Stored dataset items:
Content starts

text \<open>By Skorohod's theorem the measures are laws of almost surely convergent random variables,
  so this is dominated convergence.\<close>

lemma vague_conv_probI_integral_tendsto_continuous_convergence:
  fixes F :: "nat \<Rightarrow> real \<Rightarrow> real" and G :: "real \<Rightarrow> real"
  assumes \<rho>s: "\<And>n. \<rho>s n \<in> probI L" and \<rho>: "\<rho> \<in> probI L" and vc: "vague_conv \<rho>s \<rho>"
    and [measurable]: "\<And>n. F n \<in> borel_measurable borel" "G \<in> borel_measurable borel"
    and F_G: "\<And>ts t. (\<And>n. ts n \<in> {0..L}) \<Longrightarrow> t \<in> {0..L} \<Longrightarrow> ts \<longlonglongrightarrow> t \<Longrightarrow> (\<lambda>n. F n (ts n)) \<longlonglongrightarrow> G t"
    and bound: "\<And>n y. y \<in> {0..L} \<Longrightarrow> \<bar>F n y\<bar> \<le> B"
  shows "(\<lambda>n. integral\<^sup>L (\<rho>s n) (F n)) \<longlonglongrightarrow> integral\<^sup>L \<rho> G"
proof -
  obtain \<Omega> :: "real measure" and Ys :: "nat \<Rightarrow> real \<Rightarrow> real" and Y :: "real \<Rightarrow> real" where
    \<Omega>: "prob_space \<Omega>" and [measurable]: "\<And>n. Ys n \<in> borel_measurable \<Omega>"
    and distr_Ys: "\<And>n. distr \<Omega> borel (Ys n) = \<rho>s n" and Y_lborel: "Y \<in> measurable \<Omega> lborel"
    and distr_Y: "distr \<Omega> borel Y = \<rho>" and Ys_Y: "\<And>x. x \<in> space \<Omega> \<Longrightarrow> (\<lambda>n. Ys n x) \<longlonglongrightarrow> Y x"
    using Skorohod[OF real_distribution_probI[OF \<rho>s] real_distribution_probI[OF \<rho>]
        vague_conv_probI_imp_weak_conv[OF \<rho>s \<rho> vc]]
    by metis
  interpret prob_space \<Omega> by fact
  have [measurable]: "Y \<in> borel_measurable \<Omega>"
    using Y_lborel by simp
  have AE_Ys: "AE \<omega> in \<Omega>. Ys n \<omega> \<in> {0..L}" for n
    using AE_probI[OF \<rho>s, of n] unfolding distr_Ys[symmetric] by (subst (asm) AE_distr_iff) auto
  have AE_Y: "AE \<omega> in \<Omega>. Y \<omega> \<in> {0..L}"
    using AE_probI[OF \<rho>] unfolding distr_Y[symmetric] by (subst (asm) AE_distr_iff) auto
  have "AE \<omega> in \<Omega>. \<forall>n. Ys n \<omega> \<in> {0..L}"
    using AE_Ys by (simp add: AE_all_countable)
  then have lim: "AE \<omega> in \<Omega>. (\<lambda>n. F n (Ys n \<omega>)) \<longlonglongrightarrow> G (Y \<omega>)"
    using AE_Y AE_space
  proof eventually_elim
    case (elim \<omega>)
    then show ?case
      using F_G[of "\<lambda>n. Ys n \<omega>" "Y \<omega>"] Ys_Y[of \<omega>] by blast
  qed
  have "(\<lambda>n. \<integral>\<omega>. F n (Ys n \<omega>) \<partial>\<Omega>) \<longlonglongrightarrow> (\<integral>\<omega>. G (Y \<omega>) \<partial>\<Omega>)"
  proof (rule integral_dominated_convergence[where w = "\<lambda>_. B"])
    show "AE \<omega> in \<Omega>. norm (F n (Ys n \<omega>)) \<le> B" for n
      using AE_Ys[of n] by eventually_elim (simp add: bound)
  qed (use lim in simp_all)
  moreover have "integral\<^sup>L (\<rho>s n) (F n) = (\<integral>\<omega>. F n (Ys n \<omega>) \<partial>\<Omega>)" for n
    unfolding distr_Ys[symmetric] by (rule integral_distr) simp_all
  moreover have "integral\<^sup>L \<rho> G = (\<integral>\<omega>. G (Y \<omega>) \<partial>\<Omega>)"
    unfolding distr_Y[symmetric] by (rule integral_distr) simp_all
  ultimately show ?thesis
    by simp
qed
lemma Legendre_euler:
  fixes p :: int
  assumes "prime p" "p > 2"
  shows "[Legendre x p = x ^ nat ((p - 1) div 2)] (mod p)"
proof -
  have "prime (nat p)" "2 < nat p" using assms by auto
  from euler_criterion[OF this, of x]
  have "[Legendre x (int (nat p)) = x ^ ((nat p - 1) div 2)] (mod int (nat p))" .
  moreover have "(nat p - 1) div 2 = nat ((p - 1) div 2)"
    by (simp add: nat_diff_distrib nat_div_distrib)
  ultimately show ?thesis using assms by simp
qed

lemma Legendre_mult:
  fixes p :: int
  assumes "prime p" "p > 2"
  shows "Legendre (x * y) p = Legendre x p * Legendre y p"
proof (rule cong_imp_eq_abs_le_1[OF \<open>p > 2\<close>])
  let ?n = "nat ((p - 1) div 2)"
  have "[Legendre x p * Legendre y p = x ^ ?n * y ^ ?n] (mod p)"
    by (intro cong_mult Legendre_euler[OF assms])
  then show "[Legendre (x * y) p = Legendre x p * Legendre y p] (mod p)"
    using Legendre_euler[OF assms, of "x * y"] unfolding power_mult_distrib
    using cong_sym cong_trans by blast
  show "\<bar>Legendre (x * y) p\<bar> \<le> 1" using Legendre_cases[of "x * y" p] by auto
  show "\<bar>Legendre x p * Legendre y p\<bar> \<le> 1"
    using Legendre_cases[of x p] Legendre_cases[of y p] by auto
qed

lemma Legendre_minus_one:
  fixes p :: int
  assumes "prime p" "[p = 3] (mod 4)"
  shows "Legendre (-1) p = -1"
proof -
  define k where "k = p div 4"
  have "p > 2" using prime_cong_3_mod_4_gt_2[OF assms] .
  have "p = 4 * k + 3" using assms(2) div_mult_mod_eq[of p 4] by (simp add: cong_def k_def)
  with \<open>p > 2\<close> have "k \<ge> 0" by presburger
  with \<open>p = 4 * k + 3\<close> have "nat ((p - 1) div 2) = Suc (2 * nat k)" by simp
  then have "[Legendre (-1) p = -1] (mod p)"
    using Legendre_euler[OF assms(1) \<open>p > 2\<close>, of "-1"] by (simp only: power_minus1_odd)
  then show ?thesis
    using cong_imp_eq_abs_le_1[OF \<open>p > 2\<close>] Legendre_cases[of "-1" p] by fastforce
qed

lemma Legendre_neg:
  fixes p :: int
  assumes "prime p" "[p = 3] (mod 4)"
  shows "Legendre (- x) p = - Legendre x p"
  using Legendre_mult[OF assms(1) prime_cong_3_mod_4_gt_2[OF assms], of "-1" x]
    Legendre_minus_one[OF assms] by simp

text \<open>A primitive root \<open>g\<close> is a nonresidue: Euler's criterion would otherwise give
  \<open>g\<^bsup>(p-1)/2\<^esup> \<equiv> 1\<close>, below the order of \<open>g\<close>.\<close>

lemma Legendre_nonresidue_exists:
  fixes p :: int
  assumes "prime p" "p > 2"
  obtains g where "Legendre g p = -1"
proof -
  define q where "q = nat p"
  have q: "prime q" "2 < q" "p = int q" using assms by (auto simp: q_def)
  obtain g where "residue_primroot q g" using prime_primitive_root_exists[of q] q by auto
  then have "coprime q g" "ord q g = q - 1"
    by (simp_all add: residue_primroot_def totient_prime q)
  define m where "m = (q - 1) div 2"
  have "0 < m" "m < ord q g" using q(2) \<open>ord q g = q - 1\<close> by (auto simp: m_def)
  then have "\<not> [g ^ m = 1] (mod q)" by (rule ord_minimal)
  then have not_1: "\<not> [int g ^ m = 1] (mod p)"
    unfolding q(3) by (metis cong_int_iff of_nat_1 of_nat_power)
  have euler: "[Legendre (int g) p = int g ^ m] (mod p)"
    using euler_criterion[OF q(1,2), of "int g"] by (simp add: q(3) m_def)
  have "\<not> q dvd g"
    using \<open>coprime q g\<close> q(1) coprime_absorb_left not_prime_unit by blast
  then have "Legendre (int g) p \<noteq> 0" by (simp add: Legendre_eq_0_iff q(3))
  moreover have "Legendre (int g) p \<noteq> 1" using euler not_1 cong_sym cong_trans by metis
  ultimately show ?thesis using that Legendre_cases by blast
qed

Content ends

Please give again the lines above between the line holding "add: cong_def k_def)" and the line holding "then show ?thesis", inclusive, exactly as they are and with nothing added.

YOUR SOLUTION:
  have "p = 4 * k + 3" using assms(2) div_mult_mod_eq[of p 4] by (simp add: cong_def k_def)
  with \<open>p > 2\<close> have "k \<ge> 0" by presburger
  with \<open>p = 4 * k + 3\<close> have "nat ((p - 1) div 2) = Suc (2 * nat k)" by simp
  then have "[Legendre (-1) p = -1] (mod p)"
    using Legendre_euler[OF assms(1) \<open>p > 2\<close>, of "-1"] by (simp only: power_minus1_odd)
  then show ?thesis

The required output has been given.